* [EXERCISE]: Task for the records below: count the lines that contain the word "pairs" and give only that number.

* [RECORDS FOR THIS EXERCISE]:

(* Let $f:[a,b]\to\mathbb{C}$ be continuous and write $f=g+ih$ with $g,h:[a,b]\to\mathbb{R}$ its real and imaginary parts. If $h$ is Lipschitz, then $$\dim_P(G(f))=\dim_P(G(g)),\quad \overline{\dim}_B(G(f))=\overline{\dim}_B(G(g)),\quad \underline{\dim}_B(G(f))=\underline{\dim}_B(G(g)).$$
   Context: For a function $u$ on $[a,b]$, $G(u)=\{(x,u(x)):x\in[a,b]\}$ denotes its graph; for complex-valued $u$ the graph is regarded as a subset of $\mathbb{R}\times\mathbb{C}\cong\mathbb{R}^3$ with the Euclidean metric, for real-valued $u$ as a subset of $\mathbb{R}^2$. $\dim_P$ is packing dimension, $\overline{\dim}_B$ and $\underline{\dim}_B$ are upper and lower box dimension. *)

theory Defs
  imports "HOL-Analysis.Analysis"
begin

definition graph_on :: "real set \<Rightarrow> (real \<Rightarrow> 'b) \<Rightarrow> (real \<times> 'b) set" where
  "graph_on S u = (\<lambda>x. (x, u x)) ` S"

text \<open>Covering number N_delta(F): least number of sets of diameter at most delta covering F
  (meaningful for bounded F).\<close>
definition cover_num :: "'a::metric_space set \<Rightarrow> real \<Rightarrow> nat" where
  "cover_num F \<delta> = Inf {card C | C. finite C \<and> (\<forall>U\<in>C. bounded U \<and> diameter U \<le> \<delta>) \<and> F \<subseteq> \<Union>C}"

definition upper_box_dim :: "'a::metric_space set \<Rightarrow> ereal" where
  "upper_box_dim F = Limsup (at_right 0) (\<lambda>\<delta>. ereal (ln (real (cover_num F \<delta>)) / - ln \<delta>))"

definition lower_box_dim :: "'a::metric_space set \<Rightarrow> ereal" where
  "lower_box_dim F = Liminf (at_right 0) (\<lambda>\<delta>. ereal (ln (real (cover_num F \<delta>)) / - ln \<delta>))"

definition packing_delta :: "real \<Rightarrow> real \<Rightarrow> 'a::metric_space set \<Rightarrow> ennreal" where
  "packing_delta s \<delta> F = (SUP P \<in> {P. countable P \<and> (\<forall>(x,r)\<in>P. x \<in> F \<and> 0 < r \<and> r \<le> \<delta>)
        \<and> disjoint_family_on (\<lambda>(x,r). cball x r) P}.
      (\<Sum>\<^sub>\<infinity>(x,r)\<in>P. ennreal ((2 * r) powr s)))"

definition packing_pre :: "real \<Rightarrow> 'a::metric_space set \<Rightarrow> ennreal" where
  "packing_pre s F = (INF \<delta> \<in> {0<..}. packing_delta s \<delta> F)"

definition packing_measure :: "real \<Rightarrow> 'a::metric_space set \<Rightarrow> ennreal" where
  "packing_measure s F = (INF A \<in> {A :: nat \<Rightarrow> 'a set. F \<subseteq> (\<Union>i. A i)}. (\<Sum>i. packing_pre s (A i)))"

definition packing_dim :: "'a::metric_space set \<Rightarrow> ereal" where
  "packing_dim F = Sup ({0} \<union> {ereal s | s. 0 \<le> s \<and> packing_measure s F = \<infinity>})"

end

theory Submission
  imports Defs
begin
text \<open>\<open>T L = L K\<close> with \<open>K\<close> diagonal: transposing, \<open>L\<^sup>T\<close> is upper triangular with unit diagonal.\<close>
lemma
  shows T_upper_zero: "\<And>i j. i < j \<Longrightarrow> j < n \<Longrightarrow> T $$ (i,j) = 0"
    and T_diag: "\<And>i. i < n \<Longrightarrow> T $$ (i,i) = - \<kappa> (n+i+1)"
proof -
  let ?Lt = "transpose_mat L" and ?Tt = "transpose_mat T"
  have Lt: "?Lt \<in> carrier_mat n n" and Tt: "?Tt \<in> carrier_mat n n" using L_carrier derived_carriers by auto
  have LtTt: "?Lt * ?Tt = transpose_mat (T * L)" using transpose_mult[OF T_carrier L_carrier] by simp
  have Ltu: "\<And>i j. j < i \<Longrightarrow> i < n \<Longrightarrow> ?Lt $$ (i,j) = 0" using L_upper_zero L_carrier by auto
  have Ltd: "\<And>i. 0 \<le> i \<Longrightarrow> i < n \<Longrightarrow> ?Lt $$ (i,i) \<noteq> 0" using L_diag L_carrier by auto
  show Tu: "T $$ (i,j) = 0" if "i < j" "j < n" for i j
  proof -
    have "?Tt $$ (j,i) = 0"
      by (rule lower_zero_of_upper_triangular_mult[OF Lt Ltu Ltd Tt, of 0],
          insert that T_mult_L_entries L_upper_zero L_carrier derived_carriers, auto simp: LtTt)
    thus ?thesis using that derived_carriers by auto
  qed
  show "T $$ (i,i) = - \<kappa> (n+i+1)" if "i < n" for i
  proof -
    have "(?Lt * ?Tt) $$ (i,i) = ?Lt $$ (i,i) * ?Tt $$ (i,i)"
      by (rule upper_triangular_mult_diag[OF Lt Ltu Tt that], insert Tu derived_carriers that, auto)
    thus ?thesis unfolding LtTt
      using T_mult_L_entries[OF that that] L_diag[OF that] that L_carrier derived_carriers by auto
  qed
qed

lemma Z_entries:
  "i < n \<Longrightarrow> j < n \<Longrightarrow> Z $$ (i,j) = (if j < i then 0 else if j = i then D i else - p i * u j - y i * w j)"
  using Z_lower_zero Z_diag T_eq_Z_plus T_upper_zero by (auto simp: algebra_simps eq_neg_iff_add_eq_0)

lemma rank_two_part_diag: "i < n \<Longrightarrow> u i * p i + w i * y i = - \<kappa> (n+i+1) - D i"
proof -
  assume i: "i < n"
  have "- \<kappa> (n+i+1) = D i + (u i * p i + w i * y i)"
    using T_eq_Z_plus[OF i i] T_diag[OF i] Z_diag[OF i] by simp
  thus ?thesis by simp
qed

lemma beta_Suc: "i < n \<Longrightarrow> beta (Suc i) = u i * p i + w i * y i"
  unfolding rank_two_part_diag by (simp add: beta_def D_def)

lemma D_eq: "i < n \<Longrightarrow> - beta (Suc i) - \<kappa> (n + Suc i) = D i"
  unfolding beta_Suc rank_two_part_diag by simp

lemma minor_Ct_trailing:
  "i < n \<Longrightarrow> minor Ct [Suc i+1..<n+1] [Suc i+1..<n+1] = det (trailing_block V n (Suc i))"
  using det_trailing_block_ul[OF V_carrier L_carrier L_upper_zero L_diag V_lower_zero, of "Suc i"]
  unfolding minor_eq_det_submat_list list.map map_pred_upt map_pred_upt_Suc
  by (simp add: V_mult_L trailing_block_def)

lemma minor_C1_first_row:
  "i < n \<Longrightarrow> minor C1 (1 # [Suc i+1..<n+1]) [Suc i..<n+1]
    = w i * (-1) ^ (n - Suc i) * det (trailing_block V n (Suc i))"
  using det_first_row_block_ul[OF W_carrier V_carrier L_carrier L_upper_zero L_diag V_lower_zero, of i "-1"]
    W_rows
  unfolding minor_eq_det_submat_list list.map map_pred_upt map_pred_upt_Suc
  by (simp add: W_mult_L w_def)
(* Let $\mathbb I=(0,1]\cap\mathbb Q$, canonically arranged as below. Then $\sigma(\mathbb I)=(\Phi(n))_{n\in\mathbb N}$, where $\Phi(n)=\sum_{i=1}^n\varphi(i)$ and $\varphi$ is Euler's totient function; moreover $\sigma(\mathbb I)\approx_\mathcal F\alpha^2$, and more precisely $$\tfrac{3}{10}\,\alpha^2<_\mathcal F\sigma(\mathbb I)<_\mathcal F\frac{\alpha^2-\alpha}{2}.$$
   Context: $\mathbb N=\{1,2,\dots\}$. Each $x\in\mathbb I$ is represented uniquely as the pair $(k,m)\in\mathbb N\times\mathbb N$ with $x=k/m$, $\gcd(k,m)=1$, $k\le m$. $\mathbb N\times\mathbb N$ is arranged with $n$-th component $\{(i,j):\max\{i,j\}=n\}$, and $\mathbb I$ inherits the arrangement, so its $n$-th component is $\mathbb I_n=\{(k,n): \gcd(k,n)=1,\ k\le n\}$. The size sequence is $\sigma(\mathbb I)=(\sigma_n(\mathbb I))_n$, $\sigma_n(\mathbb I)=|\mathbb I_1|+\dots+|\mathbb I_n|$. $\alpha=(n)_n$; operations on sequences are componentwise, rational constants are identified with constant sequences. $(a_n)<_\mathcal F(b_n)$ iff $a_n<b_n$ for all sufficiently large $n$; $(a_n)\ge_\mathcal F(b_n)$ analogously; $(a_n)\approx_\mathcal F(b_n)$ iff some $k\in\mathbb N$ has $k(a_n)\ge_\mathcal F(b_n)$ and some $k$ has $k(b_n)\ge_\mathcal F(a_n)$. *)

theory Defs
  imports Complex_Main "HOL-Number_Theory.Number_Theory"
begin

definition unitQ :: "rat set" where
  "unitQ = {x. 0 < x \<and> x \<le> 1}"

text \<open>Canonical representation of a positive rational as the pair (k,m) with
  x = k/m, gcd k m = 1 (quotient_of gives the reduced fraction with positive denominator).\<close>
definition rep :: "rat \<Rightarrow> nat \<times> nat" where
  "rep x = (nat (fst (quotient_of x)), nat (snd (quotient_of x)))"

text \<open>n-th component of N x N: pairs with max i j = n; I inherits it.\<close>
definition comp_I :: "nat \<Rightarrow> (nat \<times> nat) set" where
  "comp_I n = {p \<in> rep ` unitQ. max (fst p) (snd p) = n}"

definition sigmaI :: "nat \<Rightarrow> nat" where
  "sigmaI n = (\<Sum>i=1..n. card (comp_I i))"

definition lessF :: "(nat \<Rightarrow> real) \<Rightarrow> (nat \<Rightarrow> real) \<Rightarrow> bool" where
  "lessF a b \<longleftrightarrow> (\<forall>\<^sub>F n in sequentially. a n < b n)"

definition geF :: "(nat \<Rightarrow> real) \<Rightarrow> (nat \<Rightarrow> real) \<Rightarrow> bool" where
  "geF a b \<longleftrightarrow> (\<forall>\<^sub>F n in sequentially. a n \<ge> b n)"

definition approxF :: "(nat \<Rightarrow> real) \<Rightarrow> (nat \<Rightarrow> real) \<Rightarrow> bool" where
  "approxF a b \<longleftrightarrow> (\<exists>k::nat. k \<ge> 1 \<and> geF (\<lambda>n. real k * a n) b)
                   \<and> (\<exists>k::nat. k \<ge> 1 \<and> geF (\<lambda>n. real k * b n) a)"

end

theory Submission
  imports Defs
begin

(* The fractions k/m in lowest terms with k <= m <= n are counted by Phi(n), and the coprime
   pairs in [1,n]^2 number 2 Phi(n) - 1 (the two triangles a <= b and b <= a overlap only in
   (1,1)). Discarding from [1,n]^2 the pairs with a common prime factor p <= 67 leaves, up to an
   error O(n) coming from the rounding of n/p, the proportion prod_{p <= 67} (1 - 1/p^2) > 0.6095
   of all pairs. A survivor that is not coprime has a common prime factor q > 67, and there are
   at most sum_q (n/q)^2 <= n^2 sum_k 1/(69 + 2k)^2 <= n^2/136 of those, so
   2 Phi(n) > 0.602 n^2 - O(n). For the upper bound it suffices to discard the (n div 2)^2 pairs
   of even numbers. *)

lemma rep_image_unitQ: "rep ` unitQ = {(k, m). 0 < k \<and> k \<le> m \<and> coprime k m}"
proof (intro equalityI subsetI)
  fix p assume "p \<in> rep ` unitQ"
  then obtain x where x: "x \<in> unitQ" "p = rep x" by auto
  obtain a b where q: "quotient_of x = (a, b)" by force
  have b: "b > 0" using quotient_of_denom_pos[OF q] .
  have x_eq: "x = of_int a / of_int b" using quotient_of_div[OF q] .
  from x(1) have "0 < x" "x \<le> 1" by (auto simp: unitQ_def)
  with x_eq b have ab: "0 < a" "a \<le> b"
    by (auto simp: zero_less_divide_iff divide_le_eq)
  have "coprime (nat a) (nat b)"
    using quotient_of_coprime[OF q] ab b by (metis coprime_int_iff int_nat_eq less_imp_le)
  then show "p \<in> {(k, m). 0 < k \<and> k \<le> m \<and> coprime k m}"
    using x(2) q ab by (auto simp: rep_def)
next
  fix p :: "nat \<times> nat" assume "p \<in> {(k, m). 0 < k \<and> k \<le> m \<and> coprime k m}"
  then obtain k m where p: "p = (k, m)" "0 < k" "k \<le> m" "coprime k m" by auto
  define x where "x = Fract (int k) (int m)"
  have q: "quotient_of x = (int k, int m)"
    using p by (simp add: x_def quotient_of_Fract normalize_def)
  have "x = of_int (int k) / of_int (int m)" using quotient_of_div[OF q] .
  then have "x \<in> unitQ" using p by (simp add: unitQ_def)
  moreover have "rep x = p" using q p by (simp add: rep_def)
  ultimately show "p \<in> rep ` unitQ" by force
qed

* [SOLVED PROBLEM]: 5